[Saved entries]

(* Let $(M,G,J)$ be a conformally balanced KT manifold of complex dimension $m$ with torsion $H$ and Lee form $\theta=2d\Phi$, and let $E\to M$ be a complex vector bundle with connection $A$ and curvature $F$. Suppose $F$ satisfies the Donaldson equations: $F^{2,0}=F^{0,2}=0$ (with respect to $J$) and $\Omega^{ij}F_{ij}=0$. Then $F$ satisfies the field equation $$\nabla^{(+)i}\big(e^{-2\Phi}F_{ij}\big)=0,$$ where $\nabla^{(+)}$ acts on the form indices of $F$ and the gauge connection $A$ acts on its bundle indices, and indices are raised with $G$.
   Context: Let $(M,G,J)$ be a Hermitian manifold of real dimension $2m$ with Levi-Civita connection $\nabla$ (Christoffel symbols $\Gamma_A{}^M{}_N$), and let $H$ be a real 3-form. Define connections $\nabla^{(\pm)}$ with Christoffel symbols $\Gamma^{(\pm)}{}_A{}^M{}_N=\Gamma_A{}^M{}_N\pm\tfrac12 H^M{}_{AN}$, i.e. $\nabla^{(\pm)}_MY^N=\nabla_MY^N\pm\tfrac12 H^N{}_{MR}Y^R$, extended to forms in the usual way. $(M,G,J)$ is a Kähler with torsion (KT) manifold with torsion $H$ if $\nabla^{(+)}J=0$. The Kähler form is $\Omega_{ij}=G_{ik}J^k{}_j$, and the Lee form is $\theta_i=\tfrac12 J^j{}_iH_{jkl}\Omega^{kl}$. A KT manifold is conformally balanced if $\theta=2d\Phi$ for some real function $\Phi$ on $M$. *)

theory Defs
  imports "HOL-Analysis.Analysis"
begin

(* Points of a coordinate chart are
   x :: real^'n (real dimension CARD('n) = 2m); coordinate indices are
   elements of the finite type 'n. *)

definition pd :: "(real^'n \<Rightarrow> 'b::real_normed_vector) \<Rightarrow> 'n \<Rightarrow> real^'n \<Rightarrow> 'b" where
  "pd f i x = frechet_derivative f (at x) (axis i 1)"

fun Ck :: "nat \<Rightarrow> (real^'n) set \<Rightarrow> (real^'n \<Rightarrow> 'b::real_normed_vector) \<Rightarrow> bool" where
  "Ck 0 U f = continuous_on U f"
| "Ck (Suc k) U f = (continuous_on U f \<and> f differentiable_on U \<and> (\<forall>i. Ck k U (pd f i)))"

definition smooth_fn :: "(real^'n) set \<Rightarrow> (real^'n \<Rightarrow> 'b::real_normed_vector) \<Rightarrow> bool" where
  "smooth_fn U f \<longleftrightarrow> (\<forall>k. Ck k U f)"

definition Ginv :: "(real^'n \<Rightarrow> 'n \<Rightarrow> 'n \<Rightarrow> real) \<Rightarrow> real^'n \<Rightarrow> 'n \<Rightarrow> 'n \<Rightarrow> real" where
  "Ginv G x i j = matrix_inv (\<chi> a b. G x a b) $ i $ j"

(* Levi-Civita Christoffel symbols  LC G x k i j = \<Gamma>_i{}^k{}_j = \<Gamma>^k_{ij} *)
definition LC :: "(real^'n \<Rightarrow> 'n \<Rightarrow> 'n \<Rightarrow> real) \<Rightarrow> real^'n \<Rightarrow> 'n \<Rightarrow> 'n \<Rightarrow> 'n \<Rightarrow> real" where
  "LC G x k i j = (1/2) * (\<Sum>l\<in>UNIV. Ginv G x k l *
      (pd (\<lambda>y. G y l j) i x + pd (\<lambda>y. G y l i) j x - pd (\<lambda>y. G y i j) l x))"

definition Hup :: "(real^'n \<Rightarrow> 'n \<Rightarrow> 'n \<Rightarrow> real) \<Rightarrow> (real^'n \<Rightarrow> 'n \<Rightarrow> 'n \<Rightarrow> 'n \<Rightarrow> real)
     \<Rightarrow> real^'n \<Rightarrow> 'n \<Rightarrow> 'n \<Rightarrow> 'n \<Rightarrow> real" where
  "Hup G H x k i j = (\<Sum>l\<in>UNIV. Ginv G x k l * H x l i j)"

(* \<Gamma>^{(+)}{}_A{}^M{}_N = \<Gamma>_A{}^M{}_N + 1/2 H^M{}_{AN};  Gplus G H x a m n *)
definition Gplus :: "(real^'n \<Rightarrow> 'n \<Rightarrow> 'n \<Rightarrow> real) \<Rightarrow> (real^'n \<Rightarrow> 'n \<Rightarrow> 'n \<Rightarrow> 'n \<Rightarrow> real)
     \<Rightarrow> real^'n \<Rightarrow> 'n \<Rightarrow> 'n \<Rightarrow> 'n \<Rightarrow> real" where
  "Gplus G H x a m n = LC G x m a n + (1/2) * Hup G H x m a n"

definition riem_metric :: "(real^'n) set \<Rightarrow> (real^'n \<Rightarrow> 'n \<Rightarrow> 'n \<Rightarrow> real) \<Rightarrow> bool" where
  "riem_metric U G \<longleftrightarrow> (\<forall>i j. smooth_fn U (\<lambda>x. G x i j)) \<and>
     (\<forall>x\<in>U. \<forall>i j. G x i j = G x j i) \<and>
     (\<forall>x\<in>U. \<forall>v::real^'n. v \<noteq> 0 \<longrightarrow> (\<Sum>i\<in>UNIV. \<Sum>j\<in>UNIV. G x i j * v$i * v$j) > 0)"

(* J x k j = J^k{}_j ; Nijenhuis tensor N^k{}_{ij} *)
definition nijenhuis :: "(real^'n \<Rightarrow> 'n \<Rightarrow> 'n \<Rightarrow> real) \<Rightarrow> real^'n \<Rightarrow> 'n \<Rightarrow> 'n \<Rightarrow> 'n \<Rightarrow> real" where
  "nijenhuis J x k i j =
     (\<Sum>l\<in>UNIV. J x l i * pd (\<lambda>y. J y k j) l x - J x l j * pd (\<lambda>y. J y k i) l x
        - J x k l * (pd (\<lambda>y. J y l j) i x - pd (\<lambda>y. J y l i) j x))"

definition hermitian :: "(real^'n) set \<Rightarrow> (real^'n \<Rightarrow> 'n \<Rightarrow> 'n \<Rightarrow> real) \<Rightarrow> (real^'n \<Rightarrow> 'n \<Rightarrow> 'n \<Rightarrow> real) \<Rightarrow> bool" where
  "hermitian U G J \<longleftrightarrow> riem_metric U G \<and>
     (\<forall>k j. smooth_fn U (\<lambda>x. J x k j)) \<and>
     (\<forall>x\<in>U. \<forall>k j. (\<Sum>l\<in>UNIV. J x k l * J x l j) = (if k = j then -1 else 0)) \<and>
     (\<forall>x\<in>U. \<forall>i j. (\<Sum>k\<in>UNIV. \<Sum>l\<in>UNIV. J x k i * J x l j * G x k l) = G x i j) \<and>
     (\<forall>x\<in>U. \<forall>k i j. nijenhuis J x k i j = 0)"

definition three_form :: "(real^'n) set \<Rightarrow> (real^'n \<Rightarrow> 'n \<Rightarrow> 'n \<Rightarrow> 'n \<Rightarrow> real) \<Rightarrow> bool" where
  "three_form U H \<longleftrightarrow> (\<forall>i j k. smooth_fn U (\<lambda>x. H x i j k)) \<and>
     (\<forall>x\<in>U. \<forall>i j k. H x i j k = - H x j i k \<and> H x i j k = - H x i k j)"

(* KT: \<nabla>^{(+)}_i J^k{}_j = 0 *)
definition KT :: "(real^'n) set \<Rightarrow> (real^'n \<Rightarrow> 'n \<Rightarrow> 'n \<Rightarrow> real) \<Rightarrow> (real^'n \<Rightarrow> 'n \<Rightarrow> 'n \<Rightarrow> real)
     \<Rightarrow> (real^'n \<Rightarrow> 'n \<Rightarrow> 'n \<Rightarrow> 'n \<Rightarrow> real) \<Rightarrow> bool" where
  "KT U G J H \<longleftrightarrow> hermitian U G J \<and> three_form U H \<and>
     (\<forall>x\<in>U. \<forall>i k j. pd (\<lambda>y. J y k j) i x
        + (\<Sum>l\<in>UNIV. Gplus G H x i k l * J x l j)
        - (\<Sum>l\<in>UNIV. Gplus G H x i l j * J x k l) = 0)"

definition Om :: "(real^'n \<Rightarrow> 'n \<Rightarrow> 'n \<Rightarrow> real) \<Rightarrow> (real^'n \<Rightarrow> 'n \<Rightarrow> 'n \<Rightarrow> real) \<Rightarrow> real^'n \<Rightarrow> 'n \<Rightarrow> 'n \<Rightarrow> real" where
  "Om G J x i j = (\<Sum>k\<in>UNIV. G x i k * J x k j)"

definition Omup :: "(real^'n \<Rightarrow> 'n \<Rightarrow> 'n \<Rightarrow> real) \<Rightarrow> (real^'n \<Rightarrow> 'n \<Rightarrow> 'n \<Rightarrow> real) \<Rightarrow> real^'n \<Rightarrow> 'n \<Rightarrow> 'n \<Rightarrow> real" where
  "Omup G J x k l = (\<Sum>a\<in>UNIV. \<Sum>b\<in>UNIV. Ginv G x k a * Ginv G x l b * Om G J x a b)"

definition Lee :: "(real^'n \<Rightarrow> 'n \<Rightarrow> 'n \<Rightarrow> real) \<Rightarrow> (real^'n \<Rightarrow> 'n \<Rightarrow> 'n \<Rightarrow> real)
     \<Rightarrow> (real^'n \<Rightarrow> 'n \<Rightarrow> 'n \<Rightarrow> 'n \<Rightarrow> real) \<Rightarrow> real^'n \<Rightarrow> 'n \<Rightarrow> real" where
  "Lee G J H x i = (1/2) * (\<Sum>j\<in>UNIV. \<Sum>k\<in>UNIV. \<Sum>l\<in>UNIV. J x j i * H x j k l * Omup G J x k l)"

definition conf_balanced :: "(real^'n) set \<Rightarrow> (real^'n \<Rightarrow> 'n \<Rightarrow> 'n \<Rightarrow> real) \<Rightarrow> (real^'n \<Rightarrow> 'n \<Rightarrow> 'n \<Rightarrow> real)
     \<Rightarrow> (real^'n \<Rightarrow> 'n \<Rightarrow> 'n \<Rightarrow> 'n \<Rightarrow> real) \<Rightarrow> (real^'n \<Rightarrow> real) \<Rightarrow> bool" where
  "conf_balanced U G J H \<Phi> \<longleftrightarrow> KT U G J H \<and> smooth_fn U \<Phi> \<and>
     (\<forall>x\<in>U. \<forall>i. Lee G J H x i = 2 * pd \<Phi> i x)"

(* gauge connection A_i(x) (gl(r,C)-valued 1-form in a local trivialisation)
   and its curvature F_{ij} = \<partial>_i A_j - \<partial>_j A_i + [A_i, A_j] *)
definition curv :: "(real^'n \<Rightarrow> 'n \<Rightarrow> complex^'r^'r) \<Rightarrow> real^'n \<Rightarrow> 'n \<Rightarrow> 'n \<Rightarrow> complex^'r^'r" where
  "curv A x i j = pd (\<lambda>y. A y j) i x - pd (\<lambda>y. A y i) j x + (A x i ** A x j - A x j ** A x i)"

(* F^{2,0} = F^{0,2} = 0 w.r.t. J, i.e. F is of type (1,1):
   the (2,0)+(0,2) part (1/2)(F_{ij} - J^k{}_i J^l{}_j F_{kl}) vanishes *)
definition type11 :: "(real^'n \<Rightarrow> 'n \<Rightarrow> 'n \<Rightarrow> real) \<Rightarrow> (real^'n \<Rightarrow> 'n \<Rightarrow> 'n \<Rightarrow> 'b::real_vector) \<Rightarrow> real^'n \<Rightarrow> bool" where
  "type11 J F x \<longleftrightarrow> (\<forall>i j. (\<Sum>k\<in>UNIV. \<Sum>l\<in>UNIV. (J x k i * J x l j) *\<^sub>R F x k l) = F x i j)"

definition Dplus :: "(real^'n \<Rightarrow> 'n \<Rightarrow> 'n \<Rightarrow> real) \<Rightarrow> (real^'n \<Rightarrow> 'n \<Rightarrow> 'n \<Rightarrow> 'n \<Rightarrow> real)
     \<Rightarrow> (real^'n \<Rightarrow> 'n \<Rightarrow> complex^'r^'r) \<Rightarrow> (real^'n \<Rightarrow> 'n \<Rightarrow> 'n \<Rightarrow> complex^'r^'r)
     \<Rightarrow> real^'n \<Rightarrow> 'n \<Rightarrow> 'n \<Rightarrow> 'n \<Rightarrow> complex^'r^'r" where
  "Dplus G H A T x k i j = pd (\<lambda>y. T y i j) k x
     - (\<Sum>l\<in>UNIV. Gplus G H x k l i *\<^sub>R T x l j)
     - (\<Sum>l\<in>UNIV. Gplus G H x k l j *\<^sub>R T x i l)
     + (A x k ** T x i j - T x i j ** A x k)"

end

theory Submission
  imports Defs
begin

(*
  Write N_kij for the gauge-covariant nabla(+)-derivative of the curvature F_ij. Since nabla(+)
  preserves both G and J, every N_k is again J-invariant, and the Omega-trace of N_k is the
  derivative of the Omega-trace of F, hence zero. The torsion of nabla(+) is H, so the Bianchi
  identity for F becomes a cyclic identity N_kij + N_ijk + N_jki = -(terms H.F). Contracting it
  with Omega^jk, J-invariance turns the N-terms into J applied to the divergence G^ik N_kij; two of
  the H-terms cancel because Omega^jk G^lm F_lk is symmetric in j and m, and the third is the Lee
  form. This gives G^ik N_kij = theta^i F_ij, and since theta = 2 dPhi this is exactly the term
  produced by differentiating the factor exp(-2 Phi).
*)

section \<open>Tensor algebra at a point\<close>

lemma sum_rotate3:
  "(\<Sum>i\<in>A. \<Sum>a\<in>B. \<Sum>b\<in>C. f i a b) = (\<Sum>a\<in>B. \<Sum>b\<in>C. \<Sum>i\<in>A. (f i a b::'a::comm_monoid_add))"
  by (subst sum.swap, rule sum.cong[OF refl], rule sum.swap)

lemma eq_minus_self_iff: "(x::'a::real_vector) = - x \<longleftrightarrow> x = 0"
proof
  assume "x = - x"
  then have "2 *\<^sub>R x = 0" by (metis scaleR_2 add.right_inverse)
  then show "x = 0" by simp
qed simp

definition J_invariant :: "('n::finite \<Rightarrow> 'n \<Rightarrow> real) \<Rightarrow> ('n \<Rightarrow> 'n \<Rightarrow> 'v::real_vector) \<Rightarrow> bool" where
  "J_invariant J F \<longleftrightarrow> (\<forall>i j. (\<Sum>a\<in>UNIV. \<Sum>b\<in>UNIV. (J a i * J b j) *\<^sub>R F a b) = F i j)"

# [Your objective]
What is needed is the number of lines in the data that contain "curvature", given with nothing else.

# [Task output]
3